(no subject)

Nov 14, 2007 23:23

Why does life have to present itself as being so damn difficult!!!!! First I continue to have these feelings for another man! WTF man? And I literally JUST had the best weekend with my fiancee. And truly the worst part is I want to talk to him about this because I talk to him about everything, but my darling is so sensitive and already worried about us (for some reasons that I understand but are annoying as FUCK!!!) so i can't let him know how scared I am, and how big this all feels, and how I kind of find this other guy attractive. Worst still the guy I'm attracted to seems to have all of a sudden noticed me...as a person in general, not like as a girl specifically or anything. I think what I'm trying to say is that he is becoming more friendly which isn't helping my crush!!! Anyway, watevs.

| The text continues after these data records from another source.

text \<open>
  Since \<open>g'(x) = log x + 1\<close> tends to \<open>-\<infinity>\<close> as \<open>x \<rightarrow> 0+\<close>, the derivative of \<open>\<phi>\<close> along a
  suitable segment entering \<open>K\<close> from a boundary point other than the origin tends to \<open>+\<infinity>\<close>:
  on the edges \<open>\<alpha> = 0\<close> and \<open>\<beta> = 0\<close> one moves in the direction \<open>\<plusminus>(1, 1 - s)\<close>, which keeps
  \<open>1 - (s-1)\<alpha> - \<beta>\<close> constant (this argument of \<open>g\<close> vanishes at the corners), and on the edge
  \<open>(s-1)\<alpha> + \<beta> = 1\<close> one decreases \<open>\<alpha>\<close>. So \<open>\<phi>\<close> increases strictly into \<open>K\<close> and no such
  point is a local maximum.

  At an interior point the equations \<open>\<partial>\<phi>/\<partial>\<alpha> = 0\<close> and \<open>\<partial>\<phi>/\<partial>\<beta> = 0\<close> exponentiate to
  \<open>(r-1)(\<alpha>+\<beta>)(1-(s-1)\<alpha>-\<beta>) = \<alpha>(r-1-\<alpha>-\<beta>)\<close> and
  \<open>\<alpha>^(s-1) (rs-r-s-s\<beta>) = \<beta>^2 (1-(s-1)\<alpha>-\<beta>)^(s-2)\<close>. The positive solutions of the first
  are exactly the points \<open>(\<alpha>(x), \<beta>(x))\<close>, with \<open>x = (rs-r-s)\<alpha>/\<beta> - 1\<close>, and on this curve
  the second becomes \<open>(*)\<close>. Along the curve \<open>\<partial>\<phi>/\<partial>\<alpha>\<close> vanishes identically and
  \<open>\<beta>'(x) \<noteq> 0\<close>, so a stationary point of \<open>f\<close> is again a zero of \<open>\<partial>\<phi>/\<partial>\<beta>\<close>.
\<close>

lemma gfun_has_real_derivative:
  assumes "0 < x"
  shows "(gfun has_real_derivative ln x + 1) (at x)"
proof -
  have "((\<lambda>x. x * ln x) has_real_derivative ln x + 1) (at x)"
    using assms by (auto intro!: derivative_eq_intros)
  then show ?thesis
    by (rule has_field_derivative_transform_within_open[of _ _ _ "{0<..}"])
      (use assms in \<open>auto simp: gfun_def\<close>)
qed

I had a great time this past weekend hanging out with such stars as Jesse L. Martin:





And then my mother insist on me calling random old people who she "knows" out here in NY in an ongoing attempt to set me up with people who are in the industry so that I have this New York family which only means she refuses to accept that I'm moving back home. She even went as far as to suggest that I don't love her because I won't follow her life plan for me. Plus I talked to this person "friend" of hers and honestly, when my Vocal Performance teacher is currently on Broadway in the hit show Spamalot, her little ghetto connections mean little to nothing to me. But I swear, I love her but I will have no problem cutting her out of my life if she continues to try to control it. i hope she realizes I'm serious before its too late cause I kinda like her.

My brain hurtz...Hollee get here soon!!!